Aucun changement important ne peut être envisagé, car Benoît XVI exclut toute forme de « relativisme », ignorant volontairement que le christianisme s’inscrit entièrement dans le relatif et non dans l’absolu, car la vie des hommes et des femmes se déroule dans le relatif, et c’est au relatif des gens qu’il rencontrait, que Jésus s’adressait. « Si au moment de présenter ton offrande à l’autel, tu te rappelles que ton frère a quelque chose contre toi, laisse là ton offrande et va d’abord te réconcilier avec ton frère… » L’appréciation des prêtres, des lévites et des scribes faite par Jésus est tout à fait significative : « ils chargent sur les épaules des gens des fardeaux qu’ils se refusent à porter eux-mêmes », et on peut légitimement se demander ce qu’il dirait aujourd’hui du grand prêtre qui officie comme archevêque à Malines.

 

L’Eglise catholique ne peut pas être réformée, car depuis longtemps, dans cette hiérarchie qui ressemble de plus en plus, chez nous, à l’armée mexicaine de jadis (beaucoup de généraux et très peu de soldats), la plupart des nominations (et d’ailleurs des canonisations !) ont été faites dans le même sens : celui du conservatisme, de la tradition, ou même de l’intégrisme.

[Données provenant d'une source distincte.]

lemma dcr_shaped_trans_in:
  assumes "trans \<Psi> P \<alpha> P'" and "dcr_shaped P" and "\<alpha> = LIn K N"
  shows "\<exists>\<Phi>. N = ATrm \<Phi> \<and> pending_gens P' = pending_gens P + {#Suc (gen \<Phi>)#}
           \<and> frame_gen P' = max (frame_gen P) (Suc (gen \<Phi>)) \<and> dcr_shaped P'"
  using assms
proof (induction arbitrary: K N rule: trans.induct)
  case (Case i cs \<Psi> \<alpha> P')
  from \<open>dcr_shaped (PCase cs)\<close> obtain \<phi> M U
    where cs: "cs = [(\<phi>, PInp M ATrm (\<lambda>X. PPar (POut Chan (ATrm (U X)) PNil) (PAss (U X))))]"
      and U: "\<And>X. gen (U X) = Suc (gen X)"
    by (auto elim: gen_incrementing_caseE)
  with Case.hyps(1,2) obtain K' L
    where "\<alpha> = LIn K' (ATrm L)" and "P' = PPar (POut Chan (ATrm (U L)) PNil) (PAss (U L))"
    by (auto elim: trans_PInpE)
  with Case.prems(2) U show ?case
    by (intro exI[of _ L]) (simp del: split_paired_Ex add: exI[of _ "U L"])
qed (fastforce simp: max.assoc max.left_commute)+

lemma dcr_shaped_trans_tau:
  assumes "trans \<Psi> P \<alpha> P'" and "dcr_shaped P" and "\<alpha> = LTau"
  shows "\<exists>g. g \<in># pending_gens P \<and> pending_gens P' = pending_gens P - {#g#} + {#Suc g#}
           \<and> frame_gen P' = max (frame_gen P) (Suc g) \<and> dcr_shaped P'"
  using assms
proof (induction rule: trans.induct)
  case (Case i cs \<Psi> \<alpha> P')
  then show ?case by (auto elim!: gen_incrementing_caseE trans_PInpE)
next
  case (ComL Q \<Psi> P M N P' K Q')
  from dcr_shaped_trans_out[OF ComL(1)] ComL.prems obtain \<Phi> where out: "N = ATrm \<Phi>"
    "gen \<Phi> \<in># pending_gens P" "pending_gens P' = pending_gens P - {#gen \<Phi>#}"
    "frame_gen P' = frame_gen P" "dcr_shaped P'" by auto
  moreover from dcr_shaped_trans_in[OF ComL(2)] ComL.prems out(1) have
    "pending_gens Q' = pending_gens Q + {#Suc (gen \<Phi>)#}"
    "frame_gen Q' = max (frame_gen Q) (Suc (gen \<Phi>))" "dcr_shaped Q'" by auto
  ultimately show ?case by (intro exI[of _ "gen \<Phi>"]) (auto simp: max.assoc)
next
  case (ComR Q \<Psi> P K N P' M Q')
  from dcr_shaped_trans_out[OF ComR(2)] ComR.prems obtain \<Phi> where out: "N = ATrm \<Phi>"
    "gen \<Phi> \<in># pending_gens Q" "pending_gens Q' = pending_gens Q - {#gen \<Phi>#}"
    "frame_gen Q' = frame_gen Q" "dcr_shaped Q'" by auto
  moreover from dcr_shaped_trans_in[OF ComR(1)] ComR.prems out(1) have
    "pending_gens P' = pending_gens P + {#Suc (gen \<Phi>)#}"
    "frame_gen P' = max (frame_gen P) (Suc (gen \<Phi>))" "dcr_shaped P'" by auto
  ultimately show ?case by (intro exI[of _ "gen \<Phi>"]) (auto simp: max.commute max.left_commute)
qed (fastforce simp: max.assoc max.left_commute)+

definition single_output_at :: "nat \<Rightarrow> 'e proc \<Rightarrow> bool" where
  "single_output_at g P \<longleftrightarrow> dcr_shaped P \<and> pending_gens P = {#g#} \<and> frame_gen P = g"

lemma single_output_at_trans_tau:
  assumes "single_output_at g P" and "trans \<Psi> P LTau P'"
  shows "single_output_at (Suc g) P'"
  using dcr_shaped_trans_tau[OF assms(2)] assms(1) by (auto simp: single_output_at_def)

lemma dcr_shaped_big_par:
  assumes "\<And>P. P \<in> set Ps \<Longrightarrow> dcr_shaped P \<and> pending_gens P = {#} \<and> frame_gen P = 0"
  shows "dcr_shaped (big_par Ps) \<and> pending_gens (big_par Ps) = {#} \<and> frame_gen (big_par Ps) = 0"
  using assms by (induction Ps rule: big_par.induct) auto

lemma dcr_shaped_P_e: "dcr_shaped (P_e D e) \<and> pending_gens (P_e D e) = {#} \<and> frame_gen (P_e D e) = 0"
proof -
  have "\<And>X. gen (U_e D e X) = Suc (gen X)"
    by (metis U_e.simps gen.simps prod_cases4)
  then have "gen_incrementing_case [(phi_e D e, PInp Chan ATrm
      (\<lambda>X. PPar (POut Chan (ATrm (U_e D e X)) PNil) (PAss (U_e D e X))))]"
    unfolding gen_incrementing_case_def by blast
  then show ?thesis by (simp add: P_e_def)
qed

lemma single_output_at_dcrpsi: "single_output_at 0 (dcrpsi D es)"
proof -
  have "dcr_shaped (big_par (map (P_e D) es)) \<and> pending_gens (big_par (map (P_e D) es)) = {#}
      \<and> frame_gen (big_par (map (P_e D) es)) = 0"
    by (rule dcr_shaped_big_par) (auto simp: dcr_shaped_P_e)
  then show ?thesis by (simp add: single_output_at_def dcrpsi_def P_s_def)
qed

theorem mainTheorem8:
  fixes D :: "'e dcr" and es :: "'e list" and Ps :: "'e proc list" and n :: nat
  assumes "wf_dcr D"
    and "set es = events D" and "distinct es"
    and "length Ps = Suc n"
    and "Ps ! 0 = dcrpsi D es"
    and "\<forall>i < n. trans unit_assn (Ps ! i) LTau (Ps ! Suc i)"
  shows "gen (frame (Ps ! n)) = n"
proof -
  have "single_output_at i (Ps ! i)" if "i \<le> n" for i
    using that
  proof (induction i)
    case 0
    then show ?case using assms(5) single_output_at_dcrpsi by simp
  next
    case (Suc i)
    then have "single_output_at i (Ps ! i)" and "trans unit_assn (Ps ! i) LTau (Ps ! Suc i)"
      using assms(6) by simp_all
    then show ?case by (rule single_output_at_trans_tau)
  qed
  then show ?thesis by (simp add: single_output_at_def frame_gen_def)
qed

end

Il est trop tard pour songer à réformer l’Eglise catholique, elle se transforme maintenant, lentement mais sûrement, en secte religieuse, et l’action des charismatiques de toute espèce et de tout poil semble accentuer d’avantage ce mouvement et cette orientation.

 

L’Eglise catholique ne va pas nécessairement mourir, mais on sera obligé de faire de plus en plus la distinction entre elle et le christianisme. Car, au fond, le christianisme n’est pas une religion, c’est un message, une sagesse de vie, une vraie philosophie qui illumine la vie des hommes. Jésus n’a pas vraiment voulu une Eglise, rappelez-vous, il avait horreur du sacré, des sacrifices, du commerce du temple, des rites…Alors tout est à revoir, mais c’est une autre histoire, et même une aventure…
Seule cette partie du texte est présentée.